I would also think that RAID and hotspares works best with identical
disks. This is probably the strongest argument for using Sun branded disks
with their custom firmware, because they are guaranteed to be identical
(even if the mfg is different: Fujitsu, IBM, Seagate, etc.), for each
generic size (9GB, 18GB). Have I understood that right?

What if you don't have identical disks. Could you make do, by defining a
slice on a bigger disk to be identical in size to a RAID slice and use
that in the hotspares pool? I don't see why that shouldn't work.

Oh, also, for this RAID array, I've defined it using slice 2 (backup =
whole disk). That basically ignores any other partitioning on the disk,
doesn't it? Is that a reasonable thing to do? Is there a better way?

Quote:>> My concern is that there was some sort of file system
>> prep, of which I know not, that was necessary for hot spares and at
>> failover it would become obvious that I missed a step.

This is where I think he's talking about partitioning.

Quote:> Nope.  The filesystem is just bits on the metadevice.  The failover
> process moves the necessary bits onto the hotspare.  Whether those bits
> are a filesystem or a raw oracle database, it does not know and does not
> care.

At one point I thought that SDS might (re)write the vtoc with the
necessary partitioning, but that sounds too dangerous, and implausible.

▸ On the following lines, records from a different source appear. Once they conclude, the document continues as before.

lemma aa_gd_ratio_step:
  fixes A :: "real^'n^'n"
  assumes aa: "aa_gd df \<eta> m lam x0 x \<alpha>" and "1 \<le> k" and "0 < lam" and "0 < \<mu>"
    and e: "e = (\<lambda>y. df y - A *v (y - xs))"
    and contr: "\<And>v. norm (v - \<eta> *\<^sub>R (A *v v)) \<le> c * norm v" and "0 \<le> c" and "c \<le> 1"
    and coercive: "\<And>w. \<mu> * norm w \<le> norm (A *v w)"
    and err: "\<And>i. norm (e (x i)) \<le> \<rho> i * norm (x i - xs)" and "\<And>i. 0 \<le> \<rho> i"
    and small: "\<rho> k \<le> \<mu> / 4" "\<rho> (Suc k) \<le> \<mu> / 4"
    and "df (x k) \<noteq> 0"
  shows "norm (aa_Pi_grad df m x \<alpha> k) / norm (df (x k)) \<le> 1 \<and>
         norm (df (x (Suc k))) / norm (df (x k))
           \<le> norm (aa_Pi_grad df m x \<alpha> k) / norm (df (x k)) * c
              + aa_rate_perturbation \<mu> lam (\<rho> k) (\<rho> (Suc k)) (\<Sum>j\<in>aa_window m k. norm (e (x k)) + norm (e (x j)))"
proof -
  define n n' p where "n = norm (df (x k))" and "n' = norm (df (x (Suc k)))" and "p = norm (aa_Pi_grad df m x \<alpha> k)"
  define M where "M = (\<Sum>j\<in>aa_window m k. norm (e (x k)) + norm (e (x j)))"
  define R t where "R = 2 * \<rho> k / \<mu> + M / sqrt lam" and "t = 2 * \<rho> (Suc k) / \<mu>"
  note est = aa_gd_gradient_estimate[OF aa \<open>1 \<le> k\<close> \<open>0 < lam\<close> e contr]
  have err_grad: "norm (e (x i)) \<le> 2 * \<rho> i / \<mu> * norm (df (x i))" if "\<rho> i \<le> \<mu> / 4" for i
    using linearization_error_le_value[OF coercive \<open>0 < \<mu>\<close>, of df "x i" xs "\<rho> i"] err[of i] \<open>0 \<le> \<rho> i\<close> that
    by (simp add: e)
  have "n' \<le> c * p + t * n' + R * n"
    using est(2) err_grad[OF small(1)] err_grad[OF small(2)]
    unfolding n_def n'_def p_def R_def t_def M_def by (simp add: algebra_simps)
  moreover have "0 \<le> M" unfolding M_def by (simp add: sum_nonneg add_nonneg_nonneg)
  hence "0 \<le> R" using \<open>0 \<le> \<rho> k\<close> \<open>0 < \<mu>\<close> \<open>0 < lam\<close> by (simp add: R_def)
  moreover have "0 < n" using \<open>df (x k) \<noteq> 0\<close> by (simp add: n_def)
  ultimately have "n' / n \<le> p / n * c + (R + 2 * t * (1 + R))"
    using est(1) small(2) \<open>0 \<le> c\<close> \<open>c \<le> 1\<close> \<open>0 \<le> \<rho> (Suc k)\<close> \<open>0 < \<mu>\<close>
    by (intro ratio_bound_absorb) (simp_all add: n_def n'_def p_def t_def)
  moreover have "p / n \<le> 1" using est(1) \<open>0 < n\<close> by (simp add: n_def p_def)
  ultimately show ?thesis
    by (simp add: n_def n'_def p_def aa_rate_perturbation_def Let_def R_def t_def M_def)
qed

lemma aa_gd_asymptotic_rate:
  fixes A :: "real^'n^'n" and df :: "real^'n \<Rightarrow> real^'n"
  assumes deriv: "(df has_derivative (*v) A) (at xs)" and "df xs = 0"
    and sym: "\<And>u v. u \<bullet> (A *v v) = v \<bullet> (A *v u)"
    and lower: "\<And>v. \<mu> * (v \<bullet> v) \<le> v \<bullet> (A *v v)" and upper: "\<And>v. v \<bullet> (A *v v) \<le> L * (v \<bullet> v)"
    and "0 < \<mu>" and "\<mu> \<le> L" and "0 < \<eta>" and "\<eta> \<le> 2 / (L + \<mu>)" and "0 < lam"
    and aa: "aa_gd df \<eta> m lam x0 x \<alpha>" and nonzero: "\<And>k. df (x k) \<noteq> 0" and conv: "x \<longlonglongrightarrow> xs"
  shows "\<exists>r :: nat \<Rightarrow> real. r \<longlonglongrightarrow> 0 \<and>
           (\<forall>\<^sub>F k in sequentially.
              norm (aa_Pi_grad df m x \<alpha> k) / norm (df (x k)) \<le> 1 \<and>
              norm (df (x (Suc k))) / norm (df (x k))
                \<le> (norm (aa_Pi_grad df m x \<alpha> k) / norm (df (x k))) * (1 - \<eta> * \<mu>) + r k)"
proof -
  note contr = gradient_step_contraction[OF matrix_vector_mul_linear sym lower upper \<open>0 < \<mu>\<close> \<open>\<mu> \<le> L\<close> \<open>0 < \<eta>\<close>
      \<open>\<eta> \<le> 2 / (L + \<mu>)\<close>]
  have "\<eta> * \<mu> \<le> 1" using step_size_bounds \<open>0 < \<mu>\<close> \<open>\<mu> \<le> L\<close> \<open>0 < \<eta>\<close> \<open>\<eta> \<le> 2 / (L + \<mu>)\<close> by blast
  have x_ne: "x k \<noteq> xs" for k using nonzero \<open>df xs = 0\<close> by metis
  define e where "e = (\<lambda>y. df y - A *v (y - xs))"
  define \<rho> where "\<rho> k = norm (e (x k)) / norm (x k - xs)" for k
  have err: "norm (e (x k)) = \<rho> k * norm (x k - xs)" for k using x_ne[of k] by (simp add: \<rho>_def)
  have \<rho>_lim: "\<rho> \<longlonglongrightarrow> 0"
    using linearization_ratio_tendsto_zero[OF deriv conv x_ne] by (simp add: \<rho>_def[abs_def] e_def \<open>df xs = 0\<close>)
  have "(\<lambda>k. norm (x k - xs)) \<longlonglongrightarrow> 0" using conv by (simp add: LIM_zero_iff tendsto_norm_zero)
  with \<rho>_lim have "(\<lambda>k. norm (e (x k))) \<longlonglongrightarrow> 0" unfolding err by (rule tendsto_mult_zero)
  define M where "M k = (\<Sum>j\<in>aa_window m k. norm (e (x k)) + norm (e (x j)))" for k
  have "M \<longlonglongrightarrow> 0" unfolding M_def by (rule aa_window_sum_tendsto_zero) fact
  have small: "\<forall>\<^sub>F k in sequentially. \<rho> k < \<mu> / 4"
    using order_tendstoD(2)[OF \<rho>_lim, of "\<mu> / 4"] \<open>0 < \<mu>\<close> by simp
  have "\<forall>\<^sub>F k in sequentially. 1 \<le> k \<and> \<rho> k \<le> \<mu> / 4 \<and> \<rho> (Suc k) \<le> \<mu> / 4"
    using small small[THEN eventually_sequentially_Suc[THEN iffD2]] eventually_ge_at_top[of 1]
    by eventually_elim auto
  hence "\<forall>\<^sub>F k in sequentially.
      norm (aa_Pi_grad df m x \<alpha> k) / norm (df (x k)) \<le> 1 \<and>
      norm (df (x (Suc k))) / norm (df (x k))
        \<le> (norm (aa_Pi_grad df m x \<alpha> k) / norm (df (x k))) * (1 - \<eta> * \<mu>)
           + aa_rate_perturbation \<mu> lam (\<rho> k) (\<rho> (Suc k)) (M k)"
  proof eventually_elim
    case (elim k)
    have "0 \<le> \<rho> i" for i by (simp add: \<rho>_def)
    with elim \<open>\<eta> * \<mu> \<le> 1\<close> \<open>0 < \<eta>\<close> \<open>0 < \<mu>\<close> show ?case unfolding M_def
      by (intro aa_gd_ratio_step[OF aa _ \<open>0 < lam\<close> \<open>0 < \<mu>\<close> e_def contr _ _
          norm_image_ge_of_coercive[OF lower] err[THEN eq_refl] _ _ _ nonzero]) simp_all
  qed
  with aa_rate_perturbation_tendsto_zero[OF \<rho>_lim \<open>M \<longlonglongrightarrow> 0\<close>] show ?thesis by blast
qed

theorem theorem3p2:
  fixes f :: "real^'n \<Rightarrow> real"
    and df :: "real^'n \<Rightarrow> real^'n"
    and H :: "real^'n \<Rightarrow> real^'n^'n"
    and \<mu> L \<eta> lam :: real and m :: nat
    and x0 xs :: "real^'n" and x :: "nat \<Rightarrow> real^'n" and \<alpha> :: "nat \<Rightarrow> nat \<Rightarrow> real"
  assumes grad: "\<And>y. (f has_derivative (\<lambda>h. df y \<bullet> h)) (at y)"
    and hess: "\<And>y. (df has_derivative (\<lambda>h. H y *v h)) (at y)"
    and hess_cont: "continuous_on UNIV H"
    and eig: "\<And>y c. is_eigenvalue (H y) c \<Longrightarrow> \<mu> \<le> c \<and> c \<le> L"
    and mu_pos: "0 < \<mu>" and mu_L: "\<mu> \<le> L"
    and minimizer: "\<And>y. f xs \<le> f y"
    and eta_pos: "0 < \<eta>" and eta_le: "\<eta> \<le> 2 / (L + \<mu>)"
    and m_ge: "m \<ge> 1" and lam_pos: "lam > 0"
    and aa: "aa_gd df \<eta> m lam x0 x \<alpha>"
    and nonzero: "\<And>k. df (x k) \<noteq> 0"
    and conv: "x \<longlonglongrightarrow> xs"
  shows "\<exists>r :: nat \<Rightarrow> real. r \<longlonglongrightarrow> 0 \<and>
           (\<forall>\<^sub>F k in sequentially.
              norm (aa_Pi_grad df m x \<alpha> k) / norm (df (x k)) \<le> 1 \<and>
              norm (df (x (Suc k))) / norm (df (x k))
                \<le> (norm (aa_Pi_grad df m x \<alpha> k) / norm (df (x k))) * (1 - \<eta> * \<mu>) + r k)"
proof -
  have sym: "\<And>u v. u \<bullet> (H xs *v v) = v \<bullet> (H xs *v u)"
    using hessian_matrix_symmetric[OF grad hess hess_cont] .
  note bounds = eigenvalue_bounds_quadratic_form[OF sym eig]
  have "df xs = 0" using gradient_zero_at_minimizer[OF grad minimizer] .
  from aa_gd_asymptotic_rate[OF hess \<open>df xs = 0\<close> sym bounds mu_pos mu_L eta_pos eta_le lam_pos aa nonzero conv]
  show ?thesis .
qed

end
definition sigma :: "nat \<Rightarrow> nat \<Rightarrow> drmor" where
  "sigma n j = (Suc n, n, map (\<lambda>k. if k \<le> j then k else k - 1) [0..<Suc (Suc n)], False)"

definition dr_reflection :: "nat \<Rightarrow> drmor" where
  "dr_reflection n = (n, n, [0..<Suc n], True)"

end

theory Submission
  imports Defs
begin

text \<open>For order-preserving \<open>\<phi> : [n] \<rightarrow> [m]\<close>, the map \<open>\<Phi>(\<phi>, 1) : [m] \<rightarrow> [n]\<close> has
  as fibre over \<open>i > 0\<close> the interval \<open>(\<phi>(i-1), \<phi>(i)]\<close> and over \<open>0\<close> the cyclic interval
  \<open>(\<phi>(n), m] \<union> [0, \<phi>(0)]\<close>, each in cyclic order and labelled \<open>1\<close>; and
  \<open>\<Phi>(\<phi>, r\<^sub>n) = \<rho>\<^sub>n \<circ> \<Phi>(\<phi>, 1)\<close>. Functoriality comes down to two facts about these arcs:
  the arcs of \<open>\<psi>\<close> over the points of an arc of \<open>\<phi>\<close> concatenate to the arc of \<open>\<psi> \<circ> \<phi>\<close>,
  and reflecting an arc of \<open>\<phi>\<close> gives an arc of \<open>\<phi>'\<close>. The arcs determine \<open>\<phi>\<close>, which gives
  faithfulness. Every order-preserving map factors through cofaces and codegeneracies, so
  the image of \<open>\<Phi>\<close> is generated by the \<open>d\<^sub>i\<close>, \<open>s\<^sub>j\<close> and \<open>\<rho>\<^sub>n\<close>.\<close>

definition ord_map :: "nat list \<Rightarrow> nat \<Rightarrow> nat \<Rightarrow> bool" where
  "ord_map p n m \<longleftrightarrow> length p = Suc n \<and> sorted p \<and> (\<forall>x \<in> set p. x \<le> m)"

definition ord_comp :: "nat list \<Rightarrow> nat list \<Rightarrow> nat \<Rightarrow> nat list" where
  "ord_comp q p n = map (\<lambda>i. q ! (p ! i)) [0..<Suc n]"
(* Let $n\ge 1$ be an integer, let $g_i:[0,n]\to\mathbb{R}_{\ge 0}$ be a non-decreasing function and let $c_i\in\mathbb{R}$. For $z\in\{0,1,\ldots,n-1\}$ say that investing is a best response to $z$ if $g_i(1+z)-c_i\ge g_i(z)$. Then there exists a unique set $D_i\subseteq\{0,1,\ldots,n-1\}$ such that, for every $z\in\{0,\ldots,n-1\}$, investing is a best response to $z$ if and only if $z\in D_i$. Furthermore: (1) if $g_i$ is concave, $D_i$ is a downward-closed interval; (2) if $g_i$ is convex, $D_i$ is an upward-closed interval; (3) if $g_i$ is sigmoid, $D_i$ is an interval. Conversely, for every set $D_i\subseteq\{0,1,\ldots,n-1\}$ there exist a non-decreasing function $g_i:[0,n]\to\mathbb{R}_{\ge 0}$ and a cost $c_i$ such that, for every $z\in\{0,\ldots,n-1\}$, investing is a best response to $z$ if and only if $z\in D_i$. Furthermore: (1) if $D_i$ is a downward-closed interval, such a $g_i$ can be chosen concave; (2) if $D_i$ is an upward-closed interval, such a $g_i$ can be chosen convex; (3) if $D_i$ is an interval, such a $g_i$ can be chosen sigmoid.
   Context: This models a player $i$ in a binary networked public goods game: if $i$ chooses $x_i\in\{0,1\}$ and $z$ of her network neighbors invest, her utility is $U_i(x_i,z)=g_i(x_i+z)-c_ix_i$; ties are broken in favor of investing, so investing is a best response to $z$ iff $U_i(1,z)\ge U_i(0,z)$. An interval means a set of consecutive integers in $\{0,\ldots,n-1\}$ (possibly empty); downward-closed means $z\in D_i$ and $0\le z'<z$ imply $z'\in D_i$; upward-closed means $z\in D_i$ and $z<z'\le n-1$ imply $z'\in D_i$. A function $g_i$ is called (generalized) sigmoid if there is some $\hat z\in[-\infty,\infty]$ such that $g_i$ is convex on $\{z:z\le\hat z\}$ and concave on $\{z:z\ge\hat z\}$ (so concave and convex functions are special cases). *)

theory Defs
  imports "HOL-Analysis.Analysis"
begin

So, conceptually, rebuilding on a hotspare is (sort of) like doing a dd
from the virtual (reconstructed) RAID slice onto a new disk? except that
meanwhile the RAID array can keep on trucking, doing reads and writes.
(that's awesome! when stuff actually works the way it should!)

--
Juhan Leemet
Logicognosis, Inc.

 
 
 

DiskSuite Hot Spares and Filesystem Layout

Post by Darren Dunha » Fri, 25 Jun 2004 14:08:11



> have to partition disks before you setup root mirrors using SDS. I assume
> that you also have to define partitions identically for raid disks and
> their hot spares? When you define things using meta* commands you are
> always talking about slices, not disks. Therefore all disks have to be
> identically partitioned (either format/label same size using slice 2, or
> by creating a slice by format/partition). That suggests that one cannot
> have "generic" disks (unpartitioned) as a pool of hotspares for different
> RAIDs? If they are identical formatted/labelled disks, that's OK
> (preferred, actually), isn't it?
> Should each disk have a metadb replica? In my RAID array, I have a copy of
> the metadb at the beginning of each RAID slice (no separate partition). I
> guess I can assume that it is copied/recreated when a hotspare takes
> over? I think that is the case, since I did "fail" a disk, fall over to a
> hotspare, and then later replace it with the original disk: metadb is OK.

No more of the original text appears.